From the first line to the last, print the data exactly as it appears.

[Items from a dataset]
<<<<
lemma dim_le_dim_eigenvectors_if_rayleigh_le:
  fixes T :: "'a::euclidean_space \<Rightarrow> 'a"
  assumes lin: "linear T" and selfadj: "\<And>g h. T g \<bullet> h = g \<bullet> T h"
    and V: "subspace V" and rayleigh: "\<And>g. g \<in> V \<Longrightarrow> T g \<bullet> g \<le> c * (g \<bullet> g)"
  shows "dim V \<le> dim {v. \<exists>l\<le>c. T v = l *\<^sub>R v}"
proof (rule ccontr)
  \<comment> \<open>Otherwise \<open>V\<close> meets the orthogonal complement \<open>W\<close> of the span of these eigenvectors;
    \<open>W\<close> is invariant, and a Rayleigh minimiser on \<open>W\<close> is an eigenvector in \<open>W\<close> whose eigenvalue
    is at most \<open>c\<close>.\<close>
  define G where "G = {v. \<exists>l\<le>c. T v = l *\<^sub>R v}"
  define U where "U = span G"
  define W where "W = U\<^sup>\<bottom>"
  assume "\<not> dim V \<le> dim {v. \<exists>l\<le>c. T v = l *\<^sub>R v}"
  then have "dim U < dim V" by (simp add: U_def G_def)
  have W: "subspace W" by (simp add: W_def subspace_orthogonal_comp)
  have "dim W + dim U = dim (UNIV :: 'a set)"
    using dim_subspace_orthogonal_to_vectors[of U UNIV]
    by (simp add: W_def U_def orthogonal_comp_def)
  moreover have "dim {x + y |x y. x \<in> V \<and> y \<in> W} + dim (V \<inter> W) = dim V + dim W"
    by (rule dim_sums_Int[OF V W])
  moreover have "dim {x + y |x y. x \<in> V \<and> y \<in> W} \<le> dim (UNIV :: 'a set)"
    by (rule dim_subset) simp
  ultimately have "dim (V \<inter> W) \<noteq> 0" using \<open>dim U < dim V\<close> by linarith
  then obtain f where f: "f \<in> V" "f \<in> W" "f \<noteq> 0"
    by (metis IntE dim_eq_0 insertI1 subsetI)
  have "T ` G \<subseteq> G"
    by (auto simp: G_def linear_scale[OF lin])
  then have TU: "T ` U \<subseteq> U"
    unfolding U_def span_linear_image[OF lin, symmetric] by (rule span_mono)
  have TW: "T ` W \<subseteq> W"
  proof (clarsimp simp: W_def orthogonal_comp_def orthogonal_def)
    fix y x assume "\<forall>x\<in>U. x \<bullet> y = 0" "x \<in> U"
    then show "x \<bullet> T y = 0" using TU selfadj[of x y] by auto
  qed
  obtain g where g: "g \<in> W" "g \<bullet> g = 1"
    and g_min: "\<And>y. y \<in> W \<Longrightarrow> (T g \<bullet> g) * (y \<bullet> y) \<le> T y \<bullet> y"
    using rayleigh_min_attained[OF lin W f(2,3)] by blast
  have "(T g \<bullet> g) * (f \<bullet> f) \<le> c * (f \<bullet> f)"
    using g_min[OF f(2)] rayleigh[OF f(1)] by linarith
  then have "T g \<bullet> g \<le> c" using f(3) by simp
  then have "g \<in> U"
    using rayleigh_minimizer_eigenvector[OF lin selfadj W TW g g_min]
    by (auto simp: U_def G_def intro: span_base)
  then have "g \<bullet> g = 0" using g(1) by (simp add: W_def orthogonal_comp_def orthogonal_def)
  then show False using g(2) by simp
qed

lemma finite_eigenvalues_selfadjoint:
  fixes T :: "'a::euclidean_space \<Rightarrow> 'a"
  assumes selfadj: "\<And>g h. T g \<bullet> h = g \<bullet> T h"
  shows "finite {l. \<exists>v. v \<noteq> 0 \<and> T v = l *\<^sub>R v}"
proof -
  define EV where "EV = {l. \<exists>v. v \<noteq> 0 \<and> T v = l *\<^sub>R v}"
  define v where "v l = (SOME v. v \<noteq> 0 \<and> T v = l *\<^sub>R v)" for l
  have v: "v l \<noteq> 0" "T (v l) = l *\<^sub>R v l" if "l \<in> EV" for l
    using someI_ex[of "\<lambda>v. v \<noteq> 0 \<and> T v = l *\<^sub>R v"] that by (auto simp: EV_def v_def)
  have "inj_on v EV"
  proof (rule inj_onI)
    fix l1 l2 assume "l1 \<in> EV" "l2 \<in> EV" "v l1 = v l2"
    then show "l1 = l2" using v by (metis scaleR_cancel_right)
  qed
  moreover have "pairwise orthogonal (v ` EV)"
  proof (clarsimp simp: pairwise_def)
    fix l1 l2 assume l: "l1 \<in> EV" "l2 \<in> EV" "v l1 \<noteq> v l2"
    have "l1 * (v l1 \<bullet> v l2) = l2 * (v l1 \<bullet> v l2)"
      using selfadj[of "v l1" "v l2"] v[OF l(1)] v[OF l(2)] by simp
    then show "orthogonal (v l1) (v l2)" using l(3) by (auto simp: orthogonal_def)
  qed
  then have "independent (v ` EV)"
    by (rule pairwise_orthogonal_independent) (use v in auto)
  ultimately show ?thesis
    using finiteI_independent finite_imageD unfolding EV_def by blast
qed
>>>>
Solution:
lemma dim_le_dim_eigenvectors_if_rayleigh_le:
  fixes T :: "'a::euclidean_space \<Rightarrow> 'a"
  assumes lin: "linear T" and selfadj: "\<And>g h. T g \<bullet> h = g \<bullet> T h"
    and V: "subspace V" and rayleigh: "\<And>g. g \<in> V \<Longrightarrow> T g \<bullet> g \<le> c * (g \<bullet> g)"
  shows "dim V \<le> dim {v. \<exists>l\<le>c. T v = l *\<^sub>R v}"
proof (rule ccontr)
  \<comment> \<open>Otherwise \<open>V\<close> meets the orthogonal complement \<open>W\<close> of the span of these eigenvectors;
    \<open>W\<close> is invariant, and a Rayleigh minimiser on \<open>W\<close> is an eigenvector in \<open>W\<close> whose eigenvalue
    is at most \<open>c\<close>.\<close>
  define G where "G = {v. \<exists>l\<le>c. T v = l *\<^sub>R v}"
  define U where "U = span G"
  define W where "W = U\<^sup>\<bottom>"
  assume "\<not> dim V \<le> dim {v. \<exists>l\<le>c. T v = l *\<^sub>R v}"
  then have "dim U < dim V" by (simp add: U_def G_def)
  have W: "subspace W" by (simp add: W_def subspace_orthogonal_comp)
  have "dim W + dim U = dim (UNIV :: 'a set)"
    using dim_subspace_orthogonal_to_vectors[of U UNIV]
    by (simp add: W_def U_def orthogonal_comp_def)
  moreover have "dim {x + y |x y. x \<in> V \<and> y \<in> W} + dim (V \<inter> W) = dim V + dim W"
    by (rule dim_sums_Int[OF V W])
  moreover have "dim {x + y |x y. x \<in> V \<and> y \<in> W} \<le> dim (UNIV :: 'a set)"
    by (rule dim_subset) simp
  ultimately have "dim (V \<inter> W) \<noteq> 0" using \<open>dim U < dim V\<close> by linarith
  then obtain f where f: "f \<in> V" "f \<in> W" "f \<noteq> 0"
    by (metis IntE dim_eq_0 insertI1 subsetI)
  have "T ` G \<subseteq> G"
    by (auto simp: G_def linear_scale[OF lin])
  then have TU: "T ` U \<subseteq> U"
    unfolding U_def span_linear_image[OF lin, symmetric] by (rule span_mono)
  have TW: "T ` W \<subseteq> W"
  proof (clarsimp simp: W_def orthogonal_comp_def orthogonal_def)
    fix y x assume "\<forall>x\<in>U. x \<bullet> y = 0" "x \<in> U"
    then show "x \<bullet> T y = 0" using TU selfadj[of x y] by auto
  qed
  obtain g where g: "g \<in> W" "g \<bullet> g = 1"
    and g_min: "\<And>y. y \<in> W \<Longrightarrow> (T g \<bullet> g) * (y \<bullet> y) \<le> T y \<bullet> y"
    using rayleigh_min_attained[OF lin W f(2,3)] by blast
  have "(T g \<bullet> g) * (f \<bullet> f) \<le> c * (f \<bullet> f)"
    using g_min[OF f(2)] rayleigh[OF f(1)] by linarith
  then have "T g \<bullet> g \<le> c" using f(3) by simp
  then have "g \<in> U"
    using rayleigh_minimizer_eigenvector[OF lin selfadj W TW g g_min]
    by (auto simp: U_def G_def intro: span_base)
  then have "g \<bullet> g = 0" using g(1) by (simp add: W_def orthogonal_comp_def orthogonal_def)
  then show False using g(2) by simp
qed

lemma finite_eigenvalues_selfadjoint:
  fixes T :: "'a::euclidean_space \<Rightarrow> 'a"
  assumes selfadj: "\<And>g h. T g \<bullet> h = g \<bullet> T h"
  shows "finite {l. \<exists>v. v \<noteq> 0 \<and> T v = l *\<^sub>R v}"
proof -
  define EV where "EV = {l. \<exists>v. v \<noteq> 0 \<and> T v = l *\<^sub>R v}"
  define v where "v l = (SOME v. v \<noteq> 0 \<and> T v = l *\<^sub>R v)" for l
  have v: "v l \<noteq> 0" "T (v l) = l *\<^sub>R v l" if "l \<in> EV" for l
    using someI_ex[of "\<lambda>v. v \<noteq> 0 \<and> T v = l *\<^sub>R v"] that by (auto simp: EV_def v_def)
  have "inj_on v EV"
  proof (rule inj_onI)
    fix l1 l2 assume "l1 \<in> EV" "l2 \<in> EV" "v l1 = v l2"
    then show "l1 = l2" using v by (metis scaleR_cancel_right)
  qed
  moreover have "pairwise orthogonal (v ` EV)"
  proof (clarsimp simp: pairwise_def)
    fix l1 l2 assume l: "l1 \<in> EV" "l2 \<in> EV" "v l1 \<noteq> v l2"
    have "l1 * (v l1 \<bullet> v l2) = l2 * (v l1 \<bullet> v l2)"
      using selfadj[of "v l1" "v l2"] v[OF l(1)] v[OF l(2)] by simp
    then show "orthogonal (v l1) (v l2)" using l(3) by (auto simp: orthogonal_def)
  qed
  then have "independent (v ` EV)"
    by (rule pairwise_orthogonal_independent) (use v in auto)
  ultimately show ?thesis
    using finiteI_independent finite_imageD unfolding EV_def by blast
qed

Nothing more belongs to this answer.